Foi quando vi teus passos perto dos meus, foi a primeira coisa que vi, primeira coisa que vi fronte a mim... E ela então parou na minha frente, mas continuei cabisbaixa. Eu não queria olhá-la, eu não queria que ela me visse naquele estado, eu estava bêbada, envergonhada, pálida, sem cor... Sem vida, feia...
“Olha para mim” e eu balancei a cabeça num sinal de “não”
E então ela pegou no meu queixo e o ergueu...
Eu gritava, meu eu interior gritava de vergonha.
“oi” eu disse semicerrando meus olhos enquanto fitava o seu rosto.
Eu queria muito discernir o que vi de fronte a mim, mas meus olhos ficaram sem palavras, e se alguma parte de mim conseguia falar naquele momento, essa parte era a parte que bombeava sangue para todo o meu corpo.
E então, como num relance, alguma coisa mudou, estava tudo diferente.

A “Aranha arranha a rã” era apenas uma cantiga pra aliviar o coração, pra não escutar as panelas caindo, os copos quebrando e os talheres indo direto ao chão de mim.
Ela já estava do outro lado, e quem me dera se ela estivesse distante, o tanto distante quanto os nossos corpos naquele park, ela estava a centenas de distancia dali, em outro continente, em outra direção, direção da qual, evidentemente estava totalmente ao oposto de tudo que sentíamos uma pela outra.
Já havia se desfeito tudo. E se desfeito há muito tempo antes, segundos,  minutos, horas, dias atrás. E eu, de uma forma invasiva, egoísta, mesquinha, tentava salvar, sei la o que, o que já nem tínhamos mais.

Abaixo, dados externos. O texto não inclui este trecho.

lemma bij_betw_Icc_box:
  assumes Q: "Q > 0"
  shows "bij_betw (\<lambda>x. restrict (\<lambda>j. x j mod int Q) {..<s}) ({..<s} \<rightarrow>\<^sub>E {1..int Q}) (box s Q)"
proof -
  define \<phi> where "\<phi> = (\<lambda>x :: nat \<Rightarrow> int. restrict (\<lambda>j. x j mod int Q) {..<s})"
  define \<psi> where "\<psi> = (\<lambda>y :: nat \<Rightarrow> int. restrict (\<lambda>j. if y j = 0 then int Q else y j) {..<s})"
  have \<phi>: "\<phi> x \<in> box s Q" for x unfolding \<phi>_def using Q by (intro restrict_in_box) simp
  have \<psi>: "\<psi> y \<in> {..<s} \<rightarrow>\<^sub>E {1..int Q}" if y: "y \<in> box s Q" for y
  proof -
    have "(if y j = 0 then int Q else y j) \<in> {1..int Q}" if "j < s" for j
      using box_memD[OF y that] Q by auto
    then show ?thesis unfolding \<psi>_def by (simp add: restrict_PiE_iff)
  qed
  have "bij_betw \<phi> ({..<s} \<rightarrow>\<^sub>E {1..int Q}) (box s Q)"
  proof (rule bij_betw_byWitness[where f' = \<psi>])
    show "\<forall>x\<in>{..<s} \<rightarrow>\<^sub>E {1..int Q}. \<psi> (\<phi> x) = x"
    proof
      fix x assume x: "x \<in> {..<s} \<rightarrow>\<^sub>E {1..int Q}"
      show "\<psi> (\<phi> x) = x"
      proof
        fix j show "\<psi> (\<phi> x) j = x j"
        proof (cases "j < s")
          case True
          then have "1 \<le> x j" "x j \<le> int Q" using PiE_mem[OF x, of j] by simp_all
          then show ?thesis
            using True unfolding \<phi>_def \<psi>_def by (cases "x j = int Q") (simp_all add: zmod_trivial_iff)
        next
          case False
          then show ?thesis using PiE_arb[OF x, of j] unfolding \<psi>_def by simp
        qed
      qed
    qed
    show "\<forall>y\<in>box s Q. \<phi> (\<psi> y) = y"
    proof
      fix y assume y: "y \<in> box s Q"
      show "\<phi> (\<psi> y) = y"
        by (rule box_eqI[OF \<phi> y]) (use Q box_memD[OF y] in \<open>simp add: \<phi>_def \<psi>_def\<close>)
    qed
    show "\<phi> ` ({..<s} \<rightarrow>\<^sub>E {1..int Q}) \<subseteq> box s Q" using \<phi> by blast
    show "\<psi> ` box s Q \<subseteq> {..<s} \<rightarrow>\<^sub>E {1..int Q}" using \<psi> by blast
  qed
  then show ?thesis unfolding \<phi>_def .
qed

E quando ela me abraçou, pela primeira vez, e depois quando soltei e ela me pediu um outro abraço, eu ate pensei que alguma coisa tinha conspirado ao nosso favor, eu ate juntei minhas mãos em suas costas, mas ela as desprendeu como um laço, um laço frouxo e disse que me acompanharia ate o ponto de ônibus, como se quisesse me tirar dali a todo custo.
Talvez ela, naquele ato grotesco, mas sem intenção alguma de parecer grotesco, quisesse tirar dali, do nosso meio, todo um apego...
Talvez ate fosse melhor para nos duas, mas eh so talvez, quem me dera se talvez fosse certeza.
E se tinha algo que eu não tinha mais ali, era uma certeza de um futuro.
E o fato de beber, não alterou os fatos, o fato era de que nada mais podia salvar o que nunca se teve de fato, o fato maior de todos, eh de que, enquanto eu estava de um lado, e ela de outro, e no meio de todo aquele abraço, se alguém olhasse para o chao, veria resquícios de um apego, que não vinha de mim, mas sim dela, que não era para mim, mas para outro alguém.